[Stored data entries]
lemma matrix_diff_ldistrib:
  fixes A :: "'a::ring_1 ^'n::finite ^'m" and B C :: "'a ^'p ^'n"
  shows "A ** (B - C) = A ** B - A ** C"
  by (simp add: matrix_matrix_mult_def vec_eq_iff right_diff_distrib sum_subtractf)

lemma matrix_diff_rdistrib:
  fixes A :: "'a::ring_1 ^'p ^'n::finite" and B C :: "'a ^'n ^'m"
  shows "(B - C) ** A = B ** A - C ** A"
  by (simp add: matrix_matrix_mult_def vec_eq_iff left_diff_distrib sum_subtractf)

lemma adj_mult: "adj (A ** B) = adj B ** adj A"
  by (simp add: adj_def matrix_matrix_mult_def vec_eq_iff mult.commute)

lemma adj_adj [simp]: "adj (adj A) = A"
  by (simp add: adj_def vec_eq_iff)

lemma adj_add: "adj (A + B) = adj A + adj B"
  by (simp add: adj_def vec_eq_iff)

lemma adj_cscale: "adj (cscale c A) = cscale (cnj c) (adj A)"
  by (simp add: adj_def cscale_def vec_eq_iff)

lemma adj_mat_1 [simp]: "adj (mat 1) = mat 1"
  by (simp add: adj_def mat_def vec_eq_iff)

lemma unitary_adj: "unitary U \<Longrightarrow> unitary (adj U)"
  by (simp add: unitary_def)

lemma mpow_cscale_idem:
  assumes "Q ** Q = Q"
  shows "mpow (cscale c Q) (Suc k) = cscale (c ^ Suc k) Q"
  by (induction k) (simp_all add: assms mult_ac)

lemma bounded_linear_cscale_left: "bounded_linear (\<lambda>c. cscale c Q)"
proof -
  have "linear (\<lambda>c. cscale c Q)"
    by (rule linearI) (simp_all add: cscale_add_left, simp add: cscale_def vec_eq_iff)
  then show ?thesis
    by (simp add: linear_conv_bounded_linear)
qed

lemma mexp_cscale_idem:
  assumes Q: "Q ** Q = Q"
  shows "mexp (cscale c Q) = mat 1 + cscale (exp c - 1) Q"
proof -
  have term_eq: "cscale (1 / of_nat (fact k)) (mpow (cscale c Q) k) =
      (if k = 0 then mat 1 - Q else 0) + cscale (c ^ k / of_nat (fact k)) Q" for k
  proof (cases k)
    case (Suc j)
    then show ?thesis
      using mpow_cscale_idem[OF Q, of c j] by simp
  qed simp
  have "(\<lambda>k. if k = 0 then mat 1 - Q else 0) sums (mat 1 - Q)"
    using sums_single[of 0 "\<lambda>_. mat 1 - Q"] by simp
  moreover have "(\<lambda>k. cscale (c ^ k / of_nat (fact k)) Q) sums cscale (exp c) Q"
    using bounded_linear.sums[OF bounded_linear_cscale_left exp_converges[of c]]
    by (simp add: scaleR_conv_of_real divide_inverse mult.commute)
  ultimately have "(\<lambda>k. cscale (1 / of_nat (fact k)) (mpow (cscale c Q) k))
      sums (mat 1 - Q + cscale (exp c) Q)"
    unfolding term_eq by (rule sums_add)
  then have "mexp (cscale c Q) = mat 1 - Q + cscale (exp c) Q"
    unfolding mexp_def by (rule sums_unique[symmetric])
  then show ?thesis
    by (simp add: cscale_def vec_eq_iff algebra_simps)
qed

lemma mexp_cscale_idem_add:
  assumes Q: "Q ** Q = Q"
  shows "mexp (cscale c Q) ** mexp (cscale d Q) = mexp (cscale (c + d) Q)"
proof -
  define \<alpha> \<beta> where "\<alpha> = exp c - 1" and "\<beta> = exp d - 1"
  have "mexp (cscale c Q) ** mexp (cscale d Q) = mat 1 + cscale \<alpha> Q + cscale \<beta> Q + cscale (\<alpha> * \<beta>) Q"
    unfolding mexp_cscale_idem[OF Q] \<alpha>_def[symmetric] \<beta>_def[symmetric]
    by (simp add: matrix_add_ldistrib matrix_add_rdistrib cscale_add_right Q add_ac mult.commute)
  also have "\<dots> = mat 1 + cscale (\<alpha> + \<beta> + \<alpha> * \<beta>) Q"
    by (simp add: cscale_add_left add_ac)
  also have "\<alpha> + \<beta> + \<alpha> * \<beta> = exp (c + d) - 1"
    by (simp add: \<alpha>_def \<beta>_def exp_add algebra_simps)
  finally show ?thesis
    by (simp add: mexp_cscale_idem[OF Q])
qed

lemma adj_mexp_cscale:
  assumes "orth_proj Q"
  shows "adj (mexp (cscale c Q)) = mexp (cscale (cnj c) Q)"
  using assms by (simp add: orth_proj_def mexp_cscale_idem adj_add adj_cscale exp_cnj)

lemma unitary_mexp_imag:
  assumes Q: "orth_proj Q"
  shows "unitary (mexp (cscale (\<i> * complex_of_real t) Q))"
proof -
  have idem: "Q ** Q = Q"
    using Q by (simp add: orth_proj_def)
  show ?thesis
    unfolding unitary_def adj_mexp_cscale[OF Q] mexp_cscale_idem_add[OF idem]
    using mexp_cscale_idem[OF idem, of 0] by simp
qed

lemma frob_eq_norm: "frob A = norm A"
  unfolding frob_def norm_vec_def L2_set_def by (simp add: sum_nonneg)

lemma frob_adj: "frob (adj A) = frob A"
  unfolding frob_def adj_def by (simp, subst sum.swap, simp)

lemma cmod_sq_eq_mult_cnj: "(complex_of_real (cmod z))\<^sup>2 = z * cnj z"
  using complex_norm_square[of z] by simp

lemma frob_mult_unitary_right:
  assumes "unitary U"
  shows "frob (A ** U) = frob A"
proof -
  have UU: "U ** adj U = mat 1"
    using assms by (simp add: unitary_def)
  have orth: "(\<Sum>j\<in>UNIV. U $ k $ j * cnj (U $ l $ j)) = (if k = l then 1 else 0)" for k l
    using arg_cong[OF UU, of "\<lambda>M. M $ k $ l"] by (simp add: matrix_matrix_mult_def adj_def mat_def)
  have row: "(\<Sum>j\<in>UNIV. (cmod (\<Sum>k\<in>UNIV. a k * U $ k $ j))\<^sup>2) = (\<Sum>k\<in>UNIV. (cmod (a k))\<^sup>2)"
    for a :: "'a \<Rightarrow> complex"
  proof -
    have "complex_of_real (\<Sum>j\<in>UNIV. (cmod (\<Sum>k\<in>UNIV. a k * U $ k $ j))\<^sup>2)
        = (\<Sum>j\<in>UNIV. \<Sum>k\<in>UNIV. \<Sum>l\<in>UNIV. a k * cnj (a l) * (U $ k $ j * cnj (U $ l $ j)))"
      by (simp add: cmod_sq_eq_mult_cnj sum_product mult_ac)
    also have "\<dots> = (\<Sum>k\<in>UNIV. \<Sum>l\<in>UNIV. a k * cnj (a l) * (\<Sum>j\<in>UNIV. U $ k $ j * cnj (U $ l $ j)))"
      by (subst sum.swap, simp add: sum_distrib_left, subst sum.swap, simp)
    also have "\<dots> = complex_of_real (\<Sum>k\<in>UNIV. (cmod (a k))\<^sup>2)"
      by (simp add: orth if_distrib if_distribR cmod_sq_eq_mult_cnj cong: if_cong)
    finally show ?thesis
      using of_real_eq_iff by blast
  qed
  show ?thesis
    unfolding frob_def matrix_matrix_mult_def by (simp add: row)
qed

lemma frob_mult_unitary_left:
  assumes "unitary U"
  shows "frob (U ** A) = frob A"
  using frob_mult_unitary_right[OF unitary_adj[OF assms], of "adj A"]
  by (simp add: frob_adj flip: adj_mult)

lemma polar_atan2:
  "x = sqrt (x\<^sup>2 + y\<^sup>2) * cos (atan2 y x)" "y = sqrt (x\<^sup>2 + y\<^sup>2) * sin (atan2 y x)"
proof -
  have "Complex x y = rcis (sqrt (x\<^sup>2 + y\<^sup>2)) (atan2 y x)"
    using rcis_cmod_Arg[of "Complex x y"] by (simp add: atan2_def complex_norm)
  then show "x = sqrt (x\<^sup>2 + y\<^sup>2) * cos (atan2 y x)" "y = sqrt (x\<^sup>2 + y\<^sup>2) * sin (atan2 y x)"
    by (simp_all add: complex_eq_iff)
qed

lemma iexp_sub_1: "iexp t - 1 = Complex (cos t - 1) (sin t)"
  using cis_conv_exp[of t] by (simp add: complex_eq_iff)

lemma iexp_sub_1_sub_linear: "iexp t - 1 - \<i> * t = Complex (cos t - 1) (sin t - t)"
  using cis_conv_exp[of t] by (simp add: complex_eq_iff)

lemma norm_iexp_sub_1_le: "cmod (iexp t - 1) \<le> \<bar>t\<bar>"
  using iexp_approx1[of t 0] by simp

lemma norm_iexp_sub_1_sub_linear_le: "cmod (iexp t - 1 - \<i> * t) \<le> t\<^sup>2 / 2"
  using iexp_approx1[of t 1] by (simp add: diff_diff_add numeral_2_eq_2)

lemma tendsto_norm_iexp_sub_1_div: "((\<lambda>t. cmod (iexp t - 1) / t) \<longlongrightarrow> 1) (at_right 0)"
  unfolding iexp_sub_1 complex_norm by real_asymp

lemma tendsto_norm_iexp_sub_1_sub_linear_div:
  "((\<lambda>t. cmod (iexp t - 1 - \<i> * t) / t\<^sup>2) \<longlongrightarrow> 1 / 2) (at_right 0)"
  unfolding iexp_sub_1_sub_linear complex_norm by real_asymp

lemma filterlim_norm_div_at_right_0:
  fixes c :: real
  assumes "c > 0"
  shows "filterlim (\<lambda>x. norm x / c) (at_right 0) (at (0::'a::real_normed_vector) within S)"
  unfolding filterlim_at
proof
  show "\<forall>\<^sub>F x in at 0 within S. norm x / c \<in> {0<..} \<and> norm x / c \<noteq> 0"
    using assms by (simp add: eventually_at_filter)
  have "((\<lambda>x. norm x / c) \<longlongrightarrow> norm (0::'a) / c) (at 0 within S)"
    by (intro tendsto_intros) (use assms in simp)
  then show "((\<lambda>x. norm x / c) \<longlongrightarrow> 0) (at 0 within S)"
    by simp
qed

lemma ket_bra_entry: "ket_bra v $ i $ j = v $ i * cnj (v $ j)"
  by (simp add: ket_bra_def)

definition hp_comb ::
    "'n::finite cmat \<Rightarrow> 'n cmat \<Rightarrow> complex \<Rightarrow> complex \<Rightarrow> complex \<Rightarrow> complex \<Rightarrow> complex \<Rightarrow> complex \<Rightarrow> 'n cmat"
  where "hp_comb H P s t c1 c2 c3 c4 = cscale s (mat 1) + cscale t H + cscale c1 P
      + cscale c2 (H ** P) + cscale c3 (P ** H) + cscale c4 (H ** P ** H)"

lemma hp_comb_cong:
  "\<lbrakk>s = s'; t = t'; c1 = d1; c2 = d2; c3 = d3; c4 = d4\<rbrakk>
    \<Longrightarrow> hp_comb H P s t c1 c2 c3 c4 = hp_comb H P s' t' d1 d2 d3 d4"
  by simp

lemma hp_comb_diff:
  "hp_comb H P s t c1 c2 c3 c4 - hp_comb H P s' t' d1 d2 d3 d4
    = hp_comb H P (s - s') (t - t') (c1 - d1) (c2 - d2) (c3 - d3) (c4 - d4)"
  by (simp add: hp_comb_def cscale_def vec_eq_iff algebra_simps)

lemma hp_comb_mult:
  fixes H P :: "'n::finite cmat"
  assumes HH: "H ** H = H" and PP: "P ** P = P" and PHP: "P ** H ** P = cscale a P"
  shows "hp_comb H P s t c1 c2 c3 c4 ** hp_comb H P s' t' d1 d2 d3 d4 =
    hp_comb H P (s * s') (s * t' + t * s' + t * t')
      (s * d1 + c1 * s' + c1 * d1 + a * c1 * d2 + a * c3 * d1 + a * c3 * d2)
      (s * d2 + c2 * s' + t * d1 + t * d2 + c2 * d1 + a * c2 * d2 + a * c4 * d1 + a * c4 * d2)
      (s * d3 + c3 * s' + c1 * t' + c3 * t' + c1 * d3 + a * c1 * d4 + a * c3 * d3 + a * c3 * d4)
      (s * d4 + c4 * s' + t * d3 + t * d4 + c2 * t' + c4 * t' + c2 * d3 + a * c2 * d4 + a * c4 * d3
        + a * c4 * d4)"
proof -
  have "H ** (H ** X) = H ** X" "P ** (P ** X) = P ** X" "P ** (H ** (P ** X)) = cscale a (P ** X)"
    "P ** (H ** P) = cscale a P" for X
    using HH PP PHP by (simp_all add: matrix_mul_assoc)
  then show ?thesis
    unfolding hp_comb_def
    by (simp add: matrix_add_ldistrib matrix_add_rdistrib cscale_add_left cscale_add_right
        matrix_mul_assoc[symmetric] HH PP algebra_simps)
qed

definition cinner :: "complex ^'n::finite \<Rightarrow> complex ^'n \<Rightarrow> complex" where
  "cinner x y = (\<Sum>i\<in>UNIV. x $ i * cnj (y $ i))"

lemma frob_sq_outer_comb:
  fixes v w :: "complex ^'n::finite" and a :: real
  assumes vv: "cinner v v = 1" and vw: "cinner v w = a" and ww: "cinner w w = a"
  shows "(frob (\<chi> i j. c1 * v $ i * cnj (v $ j) + c2 * w $ i * cnj (v $ j)
                      + c3 * v $ i * cnj (w $ j) + c4 * w $ i * cnj (w $ j)))\<^sup>2
    = a\<^sup>2 * (cmod (c1 + c2 + c3 + c4))\<^sup>2 + a * (1 - a) * ((cmod (c1 + c2))\<^sup>2 + (cmod (c1 + c3))\<^sup>2)
      + (1 - a)\<^sup>2 * (cmod c1)\<^sup>2" (is "?L = ?R")
proof -
  define p q where "p = c1 *s v + c2 *s w" and "q = c3 *s v + c4 *s w"
  have wv: "cinner w v = a"
    using arg_cong[OF vw, of cnj] unfolding cinner_def by (simp add: mult.commute)
  have lin: "cinner (b1 *s x + b2 *s y) z = b1 * cinner x z + b2 * cinner y z"
    "cinner z (b1 *s x + b2 *s y) = cnj b1 * cinner z x + cnj b2 * cinner z y"
    for b1 b2 :: complex and x y z :: "complex ^'n"
    unfolding cinner_def by (simp_all add: algebra_simps sum.distrib sum_distrib_left)
  have "complex_of_real ?L
      = (\<Sum>i\<in>UNIV. \<Sum>j\<in>UNIV. (p $ i * cnj (v $ j) + q $ i * cnj (w $ j))
                              * cnj (p $ i * cnj (v $ j) + q $ i * cnj (w $ j)))"
    unfolding frob_def p_def q_def
    by (simp add: sum_nonneg cmod_sq_eq_mult_cnj algebra_simps)
  also have "\<dots> = cinner p p * cinner v v + cinner p q * cinner w v + cinner q p * cinner v w
      + cinner q q * cinner w w"
    unfolding cinner_def by (simp add: algebra_simps sum.distrib sum_product)
  also have "\<dots> = complex_of_real ?R"
    unfolding p_def q_def lin vv vw ww wv
    by (simp only: of_real_add of_real_mult of_real_power of_real_diff of_real_1 cmod_sq_eq_mult_cnj)
      (simp add: algebra_simps power2_eq_square)
  finally show ?thesis
    using of_real_eq_iff by blast
qed

lemma cinner_mult_left: "cinner (A *v x) y = cinner x (adj A *v y)"
  unfolding cinner_def matrix_vector_mult_def adj_def
  by (simp add: sum_distrib_left sum_distrib_right mult_ac, rule sum.swap)

lemma Wcomb_diff: "Wcomb H v x y - Wcomb H v x' y' = Wcomb H v (x - x') (y - y')"
  by (simp add: Wcomb_def cscale_def vec_eq_iff algebra_simps)

text \<open>The retraction for U = 1 and atan2 y x = -pi/2, i.e. a1 = 0, a2 = -pi, b2 = \<theta>.\<close>

definition Rcore :: "'n::finite cmat \<Rightarrow> complex ^'n \<Rightarrow> real \<Rightarrow> 'n cmat" where
  "Rcore H v \<theta> = mexp (cscale (- \<i> * \<theta>) (ket_bra v)) ** mexp (cscale (- \<i> * pi) H)
     ** mexp (cscale (\<i> * \<theta>) (ket_bra v)) ** mexp (cscale (\<i> * pi) H)"

locale projector_state =
  fixes H :: "'n::finite cmat" and v :: "complex ^'n"
  assumes orth_proj: "orth_proj H" and unit_vec: "unit_vec v"
begin

abbreviation comb where "comb \<equiv> hp_comb H (ket_bra v)"

definition weight :: real where
  "weight = (\<Sum>i\<in>UNIV. (cmod ((H *v v) $ i))\<^sup>2)"

lemma H_idem: "H ** H = H"
  using orth_proj by (simp add: orth_proj_def)

lemma adj_H: "adj H = H"
  using orth_proj by (simp add: orth_proj_def)

lemma H_entry_cnj: "cnj (H $ j $ i) = H $ i $ j"
  using arg_cong[OF adj_H, of "\<lambda>M. M $ i $ j"] by (simp add: adj_def)

lemma cinner_v_v: "cinner v v = 1"
proof -
  have "complex_of_real (\<Sum>i\<in>UNIV. (cmod (v $ i))\<^sup>2) = 1"
    using unit_vec by (simp add: unit_vec_def)
  then show ?thesis
    unfolding cinner_def by (simp add: cmod_sq_eq_mult_cnj)
qed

● **Exercise prompt**: Beginning with the line that has "t') (c1 - d1)" and ending with the line that has "using arg_cong[OF vw, of", set down the lines above exactly and include no others.

● **Result of the task**:
    = hp_comb H P (s - s') (t - t') (c1 - d1) (c2 - d2) (c3 - d3) (c4 - d4)"
  by (simp add: hp_comb_def cscale_def vec_eq_iff algebra_simps)

lemma hp_comb_mult:
  fixes H P :: "'n::finite cmat"
  assumes HH: "H ** H = H" and PP: "P ** P = P" and PHP: "P ** H ** P = cscale a P"
  shows "hp_comb H P s t c1 c2 c3 c4 ** hp_comb H P s' t' d1 d2 d3 d4 =
    hp_comb H P (s * s') (s * t' + t * s' + t * t')
      (s * d1 + c1 * s' + c1 * d1 + a * c1 * d2 + a * c3 * d1 + a * c3 * d2)
      (s * d2 + c2 * s' + t * d1 + t * d2 + c2 * d1 + a * c2 * d2 + a * c4 * d1 + a * c4 * d2)
      (s * d3 + c3 * s' + c1 * t' + c3 * t' + c1 * d3 + a * c1 * d4 + a * c3 * d3 + a * c3 * d4)
      (s * d4 + c4 * s' + t * d3 + t * d4 + c2 * t' + c4 * t' + c2 * d3 + a * c2 * d4 + a * c4 * d3
        + a * c4 * d4)"
proof -
  have "H ** (H ** X) = H ** X" "P ** (P ** X) = P ** X" "P ** (H ** (P ** X)) = cscale a (P ** X)"
    "P ** (H ** P) = cscale a P" for X
    using HH PP PHP by (simp_all add: matrix_mul_assoc)
  then show ?thesis
    unfolding hp_comb_def
    by (simp add: matrix_add_ldistrib matrix_add_rdistrib cscale_add_left cscale_add_right
        matrix_mul_assoc[symmetric] HH PP algebra_simps)
qed

definition cinner :: "complex ^'n::finite \<Rightarrow> complex ^'n \<Rightarrow> complex" where
  "cinner x y = (\<Sum>i\<in>UNIV. x $ i * cnj (y $ i))"

lemma frob_sq_outer_comb:
  fixes v w :: "complex ^'n::finite" and a :: real
  assumes vv: "cinner v v = 1" and vw: "cinner v w = a" and ww: "cinner w w = a"
  shows "(frob (\<chi> i j. c1 * v $ i * cnj (v $ j) + c2 * w $ i * cnj (v $ j)
                      + c3 * v $ i * cnj (w $ j) + c4 * w $ i * cnj (w $ j)))\<^sup>2
    = a\<^sup>2 * (cmod (c1 + c2 + c3 + c4))\<^sup>2 + a * (1 - a) * ((cmod (c1 + c2))\<^sup>2 + (cmod (c1 + c3))\<^sup>2)
      + (1 - a)\<^sup>2 * (cmod c1)\<^sup>2" (is "?L = ?R")
proof -
  define p q where "p = c1 *s v + c2 *s w" and "q = c3 *s v + c4 *s w"
  have wv: "cinner w v = a"
    using arg_cong[OF vw, of cnj] unfolding cinner_def by (simp add: mult.commute)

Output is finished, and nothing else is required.